ADMINS - oops my fingers miss typed T instead of Y, can you fix it please - Masset to Massey


----------



## Hoodoo Valley (Nov 14, 2006)

........Fixed it!


----------



## WJBMF35 (Nov 29, 2003)

gwmbox said:


> Looking for a workshop manual for a Massey MFE35 Petrol please. If anyone has one I can download, buy or whatever please let me know.
> 
> Thanks
> 
> ...


Check your MF dealer. I paid less than $100 for the service, and parts manuals for our MFFE 35, this was probably close to 10 years ago now.


----------



## gwmbox (Aug 9, 2011)

My local dealer is 290kms away, so not practical, unless post of course.

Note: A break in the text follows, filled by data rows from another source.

(* Let $X$ be a topological space with $|X|\ge 2$ and $G$ an infinite Abelian group. If $X$ is not anti-discrete, then every Korovin orbit $G_f$ in $X^G$ is a $T_1$-space.
   Context: $X^G$ carries the product topology. For $f\in X^G$ and $g\in G$ let $gf\in X^G$ be given by $(gf)(x)=f(xg)$, and let $G_f=\{gf:g\in G\}\subseteq X^G$ with the subspace topology. The map $f\colon G\to X$ is a Korovin mapping if $\pi_M(G_f)=X^M$ for every countable $M\subseteq G$, where $\pi_M\colon X^G\to X^M$ is the projection; in that case $G_f$ is called a Korovin orbit. A space is anti-discrete if its only open sets are $\emptyset$ and the whole space. *)

theory Defs
  imports "HOL-Analysis.Analysis"
begin

definition gshift :: "'g::ab_group_add \<Rightarrow> ('g \<Rightarrow> 'a) \<Rightarrow> ('g \<Rightarrow> 'a)" where
  "gshift g f = (\<lambda>x. f (x + g))"

definition orbit :: "('g::ab_group_add \<Rightarrow> 'a) \<Rightarrow> ('g \<Rightarrow> 'a) set" where
  "orbit f = {gshift g f | g. True}"

definition korovin_mapping :: "'a topology \<Rightarrow> ('g::ab_group_add \<Rightarrow> 'a) \<Rightarrow> bool" where
  "korovin_mapping X f \<longleftrightarrow>
     (\<forall>x. f x \<in> topspace X) \<and>
     (\<forall>M. countable M \<longrightarrow> (\<lambda>h. restrict h M) ` orbit f = (PiE M (\<lambda>_. topspace X)))"

definition anti_discrete :: "'a topology \<Rightarrow> bool" where
  "anti_discrete X \<longleftrightarrow> (\<forall>U. openin X U \<longrightarrow> U = {} \<or> U = topspace X)"

end

theory Submission
  imports Defs
begin

text \<open>Two distinct points gshift a f and gshift b f of a Korovin orbit differ by the shift d = b - a \<noteq> 0.
  Applying the Korovin property to the countable set {0, d} yields c with f c = u and f (c + d) = v
  for arbitrary u, v; so at the coordinate c - a the two points take the values u and v.  Taking
  u inside and v outside a nonempty proper open set U, the subbasic open set of functions with value
  in U at that coordinate contains the first point but not the second.\<close>

lemma t1_space_subtopology_product_if_separating:
  assumes "openin X U"
    and separating: "\<And>p q. p \<in> S \<Longrightarrow> q \<in> S \<Longrightarrow> p \<noteq> q \<Longrightarrow> \<exists>i\<in>I. p i \<in> U \<and> q i \<notin> U"
  shows "t1_space (subtopology (product_topology (\<lambda>_. X) I) S)"
  unfolding t1_space_def
proof (intro ballI impI)
  let ?P = "product_topology (\<lambda>_. X) I"
  fix p q
  assume p: "p \<in> topspace (subtopology ?P S)" and q: "q \<in> topspace (subtopology ?P S)"
    and "p \<noteq> q"
  have "p \<in> S" "q \<in> S"
    using p q by auto
  then obtain i where i: "i \<in> I" "p i \<in> U" "q i \<notin> U"
    using separating \<open>p \<noteq> q\<close> by blast
  define W where "W = {h \<in> topspace ?P. h i \<in> U}"
  have "openin ?P W"
    unfolding W_def
    using openin_continuous_map_preimage[OF continuous_map_product_projection[OF i(1)] assms(1)]
    by simp
  then have "openin (subtopology ?P S) (W \<inter> S)"
    by (auto simp: openin_subtopology)
  moreover have "p \<in> W \<inter> S" "q \<notin> W \<inter> S"
    using p i unfolding W_def by auto
  ultimately show "\<exists>W. openin (subtopology ?P S) W \<and> p \<in> W \<and> q \<notin> W"
    by blast
qed

lemma korovin_mapping_attains_pair:
  fixes f :: "'g::ab_group_add \<Rightarrow> 'a"
  assumes "korovin_mapping X f" and "d \<noteq> 0"
    and "u \<in> topspace X" and "v \<in> topspace X"
  obtains c where "f c = u" and "f (c + d) = v"
proof -
  define M where "M = {0, d}"
  define k where "k = (\<lambda>x::'g. if x = 0 then u else v)"
  have "restrict k M \<in> PiE M (\<lambda>_. topspace X)"
    using assms(3,4) unfolding M_def k_def by auto
  also have "\<dots> = (\<lambda>h. restrict h M) ` orbit f"
    using assms(1) unfolding korovin_mapping_def M_def by auto
  finally obtain g where g: "restrict k M = restrict (gshift g f) M"
    unfolding orbit_def by blast
  have "f g = u" "f (g + d) = v"
    using fun_cong[OF g, of 0] fun_cong[OF g, of d] assms(2)
    unfolding M_def k_def gshift_def by (auto simp: add.commute)
  then show thesis
    using that by blast
qed

lemma korovin_orbit_attains_pair:
  assumes "korovin_mapping X f" and "u \<in> topspace X" and "v \<in> topspace X"
    and "p \<in> orbit f" and "q \<in> orbit f" and "p \<noteq> q"
  shows "\<exists>i. p i = u \<and> q i = v"
proof -
  obtain a b where a: "p = gshift a f" and b: "q = gshift b f"
    using assms(4,5) by (auto simp: orbit_def)
  then have "b - a \<noteq> 0"
    using assms(6) by auto
  then obtain c where "f c = u" and "f (c + (b - a)) = v"
    using korovin_mapping_attains_pair[OF assms(1) _ assms(2,3)] by blast
  then have "p (c - a) = u" and "q (c - a) = v"
    unfolding a b gshift_def by (simp_all add: algebra_simps)
  then show ?thesis
    by blast
qed

theorem proposition4p1:
  fixes X :: "'a topology" and f :: "'g::ab_group_add \<Rightarrow> 'a"
  assumes "\<exists>x y. x \<in> topspace X \<and> y \<in> topspace X \<and> x \<noteq> y"
    and "infinite (UNIV :: 'g set)"
    and "\<not> anti_discrete X"
    and "korovin_mapping X f"
  shows "t1_space (subtopology (product_topology (\<lambda>_::'g. X) UNIV) (orbit f))"
proof -
  obtain U where U: "openin X U" "U \<noteq> {}" "U \<noteq> topspace X"
    using assms(3) unfolding anti_discrete_def by blast
  obtain u v where u: "u \<in> U" and v: "v \<in> topspace X" "v \<notin> U"
    using U openin_subset by blast
  have "u \<in> topspace X"
    using U(1) u openin_subset by blast
  then show ?thesis
    using korovin_orbit_attains_pair[OF assms(4) _ v(1)] u v(2)
    by (intro t1_space_subtopology_product_if_separating[OF U(1)]) blast
qed

end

I was hoping for an electronic version to download.

Cheers

GW


----------



## WJBMF35 (Nov 29, 2003)

gwmbox said:


> My local dealer is 290kms away, so not practical, unless post of course.
> 
> I was hoping for an electronic version to download.
> 
> ...


Not sure on the e versions, they would be nice. Call the dealer, and order the over the phone.


----------



## rooster (May 30, 2013)

i have a 240 ferguson next to the last ones that was made in great britain the lift will not work


----------



## ferguson2case (Mar 7, 2012)

Check ebay & Amazon.I have found very good repro's cheap.


----------



## WJBMF35 (Nov 29, 2003)

Check here...

http://www.agcopubs.com/default.aspx?model=35&brand=44131&keywords=&searchForm=0


----------